◆ How to complete this task
Lines from the first one down to the one containing "by (induction n)" in the data below are the only ones needed; please return them exactly, both ends included.

◆ Excerpted records
lemma nl_path_eq_md1_path:
  "md1_invariant (pos_prob \<mu>) \<mu> \<Longrightarrow> nl_path \<mu> n = md1_path (pos_prob \<mu>) \<mu> n"
  by (induction n) (simp_all add: nl_rho_def nl_marg_invariant)

lemma length_md1_path: "xs \<in> set_pmf (md1_path r \<mu> n) \<Longrightarrow> length xs = Suc n"
  by (induction n arbitrary: xs) auto

lemma map_last_md1_path:
  assumes "md1_invariant r \<mu>"
  shows "map_pmf last (md1_path r \<mu> n) = \<mu>"
proof (induction n)
  case (Suc n)
  have "map_pmf last (md1_path r \<mu> (Suc n)) = bind_pmf (map_pmf last (md1_path r \<mu> n)) (step_pmf r)"
    by (simp add: map_bind_pmf bind_map_pmf map_pmf_comp)
  with Suc assms show ?case
    by (simp add: md1_invariant_def)
qed (simp add: map_pmf_comp)

lemma drop_eq_last: "length xs = Suc k \<Longrightarrow> drop k xs = [last xs]"
  by (cases xs rule: rev_cases) auto

lemma md1_path_shift:
  assumes "md1_invariant r \<mu>"
  shows "map_pmf (drop k) (md1_path r \<mu> (k + n)) = md1_path r \<mu> n"
proof (induction n)
  case 0
  have "map_pmf (drop k) (md1_path r \<mu> k) = map_pmf (\<lambda>x. [x]) (map_pmf last (md1_path r \<mu> k))"
    unfolding map_pmf_comp
    by (rule map_pmf_cong[OF refl]) (auto dest!: length_md1_path simp: drop_eq_last)
  then show ?case
    by (simp add: map_last_md1_path[OF assms])
next
  case (Suc n)
  let ?step = "\<lambda>xs. map_pmf (\<lambda>y. xs @ [y]) (step_pmf r (last xs))"
  have "map_pmf (drop k) (md1_path r \<mu> (k + Suc n)) =
      bind_pmf (md1_path r \<mu> (k + n)) (\<lambda>xs. ?step (drop k xs))"
    unfolding add_Suc_right md1_path.simps map_bind_pmf
    by (rule bind_pmf_cong[OF refl]) (auto dest!: length_md1_path simp: map_pmf_comp last_drop)
  also have "\<dots> = bind_pmf (map_pmf (drop k) (md1_path r \<mu> (k + n))) ?step"
    by (simp add: bind_map_pmf)
  also have "\<dots> = md1_path r \<mu> (Suc n)"
    using Suc by simp
  finally show ?case .
qed
lemma k_sos_card:
  assumes "finite V" "nonneg_on V l"
  shows "k_sos (card V) V l"
proof -
  obtain ws where ws: "set ws = V" "distinct ws"
    using finite_distinct_list[OF assms(1)] by blast
  define hs where "hs = map (\<lambda>w x. sqrt (l w) * indicator_poly V w x) ws"
  have "\<forall>h\<in>set hs. poly_fun_deg_le (card V) h"
    unfolding hs_def
    using poly_fun_deg_le_cmult[OF poly_fun_deg_le_indicator_poly[OF assms(1)]] by auto
  moreover have "l v = (\<Sum>h\<leftarrow>hs. (h v)\<^sup>2)" if v: "v \<in> V" for v
  proof -
    have "(\<Sum>h\<leftarrow>hs. (h v)\<^sup>2) = (\<Sum>w\<in>V. (sqrt (l w) * indicator_poly V w v)\<^sup>2)"
      using ws by (simp add: hs_def o_def sum_list_distinct_conv_sum_set)
    also have "\<dots> = (\<Sum>w\<in>V. if v = w then l w else 0)"
      using assms v by (intro sum.cong) (auto simp: indicator_poly_eq power_mult_distrib nonneg_on_def)
    also have "\<dots> = l v"
      using v assms(1) by simp
    finally show ?thesis by simp
  qed
  ultimately show ?thesis
    unfolding k_sos_def by blast
qed

lemma k_sos_theta_rank:
  assumes "finite V" "nonneg_on V (lin_fun \<delta> c)"
  shows "k_sos (theta_rank V) V (lin_fun \<delta> c)"
proof -
  let ?P = "\<lambda>k. \<forall>\<delta> c. nonneg_on V (lin_fun \<delta> c) \<longrightarrow> k_sos k V (lin_fun \<delta> c)"
  have "?P (card V)"
    using k_sos_card[OF assms(1)] by blast
  then have "?P (theta_rank V)"
    unfolding theta_rank_def by (rule LeastI)
  then show ?thesis
    using assms(2) by blast
qed

lemma k_sos_subset:
  assumes "k_sos k V l" "W \<subseteq> V" "\<forall>w\<in>W. l' w = l w"
  shows "k_sos k W l'"
  using assms unfolding k_sos_def by (metis subsetD)

lemma k_level_levelness:
  assumes "finite V"
  shows "k_level (levelness V) V"
proof -
  have "k_level (card V) V"
    unfolding k_level_def using assms by (simp add: card_image_le)
  then show ?thesis
    unfolding levelness_def by (rule LeastI)
qed

lemma lin_fun_add_scaled: "lin_fun a c x + t * lin_fun b d x = lin_fun (a + t * b) (c + t *\<^sub>R d) x"
  by (simp add: lin_fun_def inner_add_left algebra_simps)

lemma lin_fun_diff_scaled: "lin_fun a c x - t * lin_fun b d x = lin_fun (a - t * b) (c - t *\<^sub>R d) x"
  by (simp add: lin_fun_def inner_diff_left algebra_simps)

lemma face_of_config_subset: "face_of_config V F \<Longrightarrow> F \<subseteq> V"
  unfolding face_of_config_def by auto

lemma face_of_config_inter:
  assumes "face_of_config V G" "W \<subseteq> V"
  shows "face_of_config W (G \<inter> W)"
  using assms unfolding face_of_config_def nonneg_on_def by blast

lemma ex_multiplier_dominates:
  fixes g l :: "'a \<Rightarrow> real"
  assumes "finite V"
  shows "\<exists>M. \<forall>v\<in>V. g v > 0 \<longrightarrow> l v + M * g v > 0"
proof -
  define P where "P = {v\<in>V. g v > 0}"
  define M where "M = (\<Sum>v\<in>P. (\<bar>l v\<bar> + 1) / g v)"
  have "finite P" using assms by (simp add: P_def)
  have "l v + M * g v > 0" if "v \<in> P" for v
  proof -
    have "(\<bar>l v\<bar> + 1) / g v \<le> M"
      unfolding M_def using that \<open>finite P\<close> by (intro member_le_sum) (auto simp: P_def)
    then have "\<bar>l v\<bar> + 1 \<le> M * g v"
      using that by (simp add: P_def pos_divide_le_eq)
    then show ?thesis by linarith
  qed
  then show ?thesis
    unfolding P_def by blast
qed

lemma nonneg_lin_fun_extend_from_face:
  fixes V W :: "(real^'n) set"
  assumes "finite V" "face_of_config V W" "nonneg_on W (lin_fun \<delta>' c')"
  obtains \<delta>2 c2 where "nonneg_on V (lin_fun \<delta>2 c2)"
    and "\<forall>w\<in>W. lin_fun \<delta>2 c2 w = lin_fun \<delta>' c' w"
    and "{v\<in>V. lin_fun \<delta>2 c2 v = 0} = {w\<in>W. lin_fun \<delta>' c' w = 0}"
proof -
  obtain \<delta> c where g: "nonneg_on V (lin_fun \<delta> c)" and W: "W = {v\<in>V. lin_fun \<delta> c v = 0}"
    using assms(2) unfolding face_of_config_def by blast
  obtain M where M: "\<forall>v\<in>V. lin_fun \<delta> c v > 0 \<longrightarrow> lin_fun \<delta>' c' v + M * lin_fun \<delta> c v > 0"
    using ex_multiplier_dominates[OF assms(1)] by blast
  let ?l = "lin_fun (\<delta>' + M * \<delta>) (c' + M *\<^sub>R c)"
  have on_V: "v \<in> W \<and> ?l v = lin_fun \<delta>' c' v \<or> v \<notin> W \<and> ?l v > 0" if "v \<in> V" for v
    using that g M unfolding W nonneg_on_def by (force simp flip: lin_fun_add_scaled)
  show ?thesis
  proof (rule that)
    show "nonneg_on V ?l"
      using on_V assms(3) unfolding nonneg_on_def by fastforce
    show "\<forall>w\<in>W. ?l w = lin_fun \<delta>' c' w"
      using on_V W by blast
    show "{v\<in>V. ?l v = 0} = {w\<in>W. lin_fun \<delta>' c' w = 0}"
      using on_V W by fastforce
  qed
qed

theorem theta_rank_face_le:
  fixes V W :: "(real^'n) set"
  assumes "finite V" "face_of_config V W"
  shows "theta_rank W \<le> theta_rank V"
  unfolding theta_rank_def[of W]
proof (rule Least_le, intro allI impI)
  fix \<delta>' c' assume "nonneg_on W (lin_fun \<delta>' c')"
  then obtain \<delta>2 c2 where "nonneg_on V (lin_fun \<delta>2 c2)" "\<forall>w\<in>W. lin_fun \<delta>2 c2 w = lin_fun \<delta>' c' w"
    using nonneg_lin_fun_extend_from_face[OF assms] by metis
  then show "k_sos (theta_rank V) W (lin_fun \<delta>' c')"
    using k_sos_subset[OF k_sos_theta_rank[OF assms(1)]] face_of_config_subset[OF assms(2)] by metis
qed

text \<open>The tilt \<open>s\<close> is the least ratio of the two functions over the points where the second one
is positive.\<close>

lemma nonneg_lin_fun_tilt:
  fixes V :: "(real^'n) set"
  assumes "finite V" "nonneg_on V (lin_fun a c)" "nonneg_on V (lin_fun b d)"
    and "\<exists>v\<in>V. lin_fun b d v > 0"
  obtains s v0 where "v0 \<in> V" "lin_fun b d v0 > 0"
    and "nonneg_on V (lin_fun (a - s * b) (c - s *\<^sub>R d))"
    and "lin_fun (a - s * b) (c - s *\<^sub>R d) v0 = 0"
proof -
  let ?l = "lin_fun a c" and ?m = "lin_fun b d"
  define A where "A = {v\<in>V. ?m v > 0}"
  have A: "finite A" "A \<noteq> {}"
    using assms(1,4) by (auto simp: A_def)
  define v0 where "v0 = arg_min_on (\<lambda>v. ?l v / ?m v) A"
  define s where "s = ?l v0 / ?m v0"
  have v0: "v0 \<in> A"
    unfolding v0_def using arg_min_if_finite(1)[OF A] .
  have "s * ?m v \<le> ?l v" if "v \<in> V" for v
  proof (cases "v \<in> A")
    case True
    then have "s \<le> ?l v / ?m v"
      unfolding s_def v0_def by (rule arg_min_least[OF A])
    then show ?thesis
      using True by (simp add: A_def pos_le_divide_eq)
  next
    case False
    then have "?m v = 0"
      using that assms(3) by (force simp: A_def nonneg_on_def)
    then show ?thesis
      using that assms(2) by (simp add: nonneg_on_def)
  qed
  moreover have "s * ?m v0 = ?l v0"
    using v0 by (simp add: s_def A_def)
  ultimately show ?thesis
    using v0 by (intro that[of v0 s]) (auto simp: A_def nonneg_on_def simp flip: lin_fun_diff_scaled)
qed

lemma facet_lin_funs_proportional:
  fixes W :: "(real^'n) set"
  assumes "finite W" "facet_of_config W F"
    and "nonneg_on W (lin_fun a1 c1)" "{w\<in>W. lin_fun a1 c1 w = 0} = F"
    and "nonneg_on W (lin_fun a2 c2)" "{w\<in>W. lin_fun a2 c2 w = 0} = F"
  shows "\<exists>s>0. \<forall>w\<in>W. lin_fun a2 c2 w = s * lin_fun a1 c1 w"
proof -
  have "F \<noteq> W"
    using assms(2) unfolding facet_of_config_def by blast
  then have "\<exists>w\<in>W. lin_fun a1 c1 w > 0"
    using assms(3,4) unfolding nonneg_on_def by force
  then obtain s v0 where v0: "v0 \<in> W" "lin_fun a1 c1 v0 > 0"
    and nonneg: "nonneg_on W (lin_fun (a2 - s * a1) (c2 - s *\<^sub>R c1))"
    and zero: "lin_fun (a2 - s * a1) (c2 - s *\<^sub>R c1) v0 = 0"
    using nonneg_lin_fun_tilt[OF assms(1,5,3)] by metis
  define G where "G = {w\<in>W. lin_fun (a2 - s * a1) (c2 - s *\<^sub>R c1) w = 0}"
  have "face_of_config W G"
    unfolding face_of_config_def G_def using nonneg by blast
  moreover have "F \<subseteq> G" "v0 \<in> G - F"
    using assms(4,6) v0 zero by (auto simp: G_def simp flip: lin_fun_diff_scaled)
  ultimately have "G = W"
    using assms(2) unfolding facet_of_config_def by blast
  moreover have "s > 0"
  proof -
    have "lin_fun a2 c2 v0 > 0"
      using v0(1) \<open>v0 \<in> G - F\<close> assms(5,6) unfolding nonneg_on_def by force
    moreover have "lin_fun a2 c2 v0 = s * lin_fun a1 c1 v0"
      using zero by (simp flip: lin_fun_diff_scaled)
    ultimately show ?thesis
      using v0(2) by (simp add: zero_less_mult_iff)
  qed
  ultimately show ?thesis
    unfolding G_def by (auto simp flip: lin_fun_diff_scaled)
qed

◆ Task response
lemma nl_path_eq_md1_path:
  "md1_invariant (pos_prob \<mu>) \<mu> \<Longrightarrow> nl_path \<mu> n = md1_path (pos_prob \<mu>) \<mu> n"
  by (induction n) (simp_all add: nl_rho_def nl_marg_invariant)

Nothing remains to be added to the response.